··· Records to process ···

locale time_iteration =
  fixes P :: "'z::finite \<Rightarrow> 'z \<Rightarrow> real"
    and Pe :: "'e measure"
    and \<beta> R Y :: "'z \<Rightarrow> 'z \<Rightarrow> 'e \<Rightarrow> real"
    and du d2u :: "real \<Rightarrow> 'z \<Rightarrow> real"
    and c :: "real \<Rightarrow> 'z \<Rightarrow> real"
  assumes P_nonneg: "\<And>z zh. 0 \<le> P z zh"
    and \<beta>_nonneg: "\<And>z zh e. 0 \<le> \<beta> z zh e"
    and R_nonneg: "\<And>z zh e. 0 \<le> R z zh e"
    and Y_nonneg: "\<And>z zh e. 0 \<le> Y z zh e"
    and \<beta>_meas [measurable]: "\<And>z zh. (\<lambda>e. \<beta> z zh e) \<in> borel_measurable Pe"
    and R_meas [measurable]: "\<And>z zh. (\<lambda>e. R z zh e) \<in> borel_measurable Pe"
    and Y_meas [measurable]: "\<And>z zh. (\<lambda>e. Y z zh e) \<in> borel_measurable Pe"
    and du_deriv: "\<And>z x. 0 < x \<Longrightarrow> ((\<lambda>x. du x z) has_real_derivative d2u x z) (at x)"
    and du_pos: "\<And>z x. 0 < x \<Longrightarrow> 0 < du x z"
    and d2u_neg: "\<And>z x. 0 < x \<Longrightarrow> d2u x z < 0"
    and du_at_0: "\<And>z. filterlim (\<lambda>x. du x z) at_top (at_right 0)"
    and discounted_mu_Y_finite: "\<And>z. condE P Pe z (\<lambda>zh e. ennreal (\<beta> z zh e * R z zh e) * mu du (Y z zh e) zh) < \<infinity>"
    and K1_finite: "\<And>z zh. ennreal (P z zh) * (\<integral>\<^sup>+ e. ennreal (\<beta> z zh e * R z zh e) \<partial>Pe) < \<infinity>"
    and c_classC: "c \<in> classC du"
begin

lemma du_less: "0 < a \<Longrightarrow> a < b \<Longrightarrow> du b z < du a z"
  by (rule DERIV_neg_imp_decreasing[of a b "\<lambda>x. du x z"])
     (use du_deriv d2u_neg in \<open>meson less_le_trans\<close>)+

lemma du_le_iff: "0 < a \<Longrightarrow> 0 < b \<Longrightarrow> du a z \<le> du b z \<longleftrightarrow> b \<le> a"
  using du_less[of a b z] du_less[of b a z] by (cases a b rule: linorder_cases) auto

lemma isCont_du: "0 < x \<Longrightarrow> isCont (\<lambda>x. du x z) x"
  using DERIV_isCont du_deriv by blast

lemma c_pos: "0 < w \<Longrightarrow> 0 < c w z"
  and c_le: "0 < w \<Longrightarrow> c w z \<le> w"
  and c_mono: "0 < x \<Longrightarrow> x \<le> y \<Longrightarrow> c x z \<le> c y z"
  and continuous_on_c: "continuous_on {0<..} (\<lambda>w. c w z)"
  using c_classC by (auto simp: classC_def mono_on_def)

···

What the exercise asks: Pull out all lines from the entries above in which the word "using" appears.

Result below:
  using du_less[of a b z] du_less[of b a z] by (cases a b rule: linorder_cases) auto
  using DERIV_isCont du_deriv by blast
  using c_classC by (auto simp: classC_def mono_on_def)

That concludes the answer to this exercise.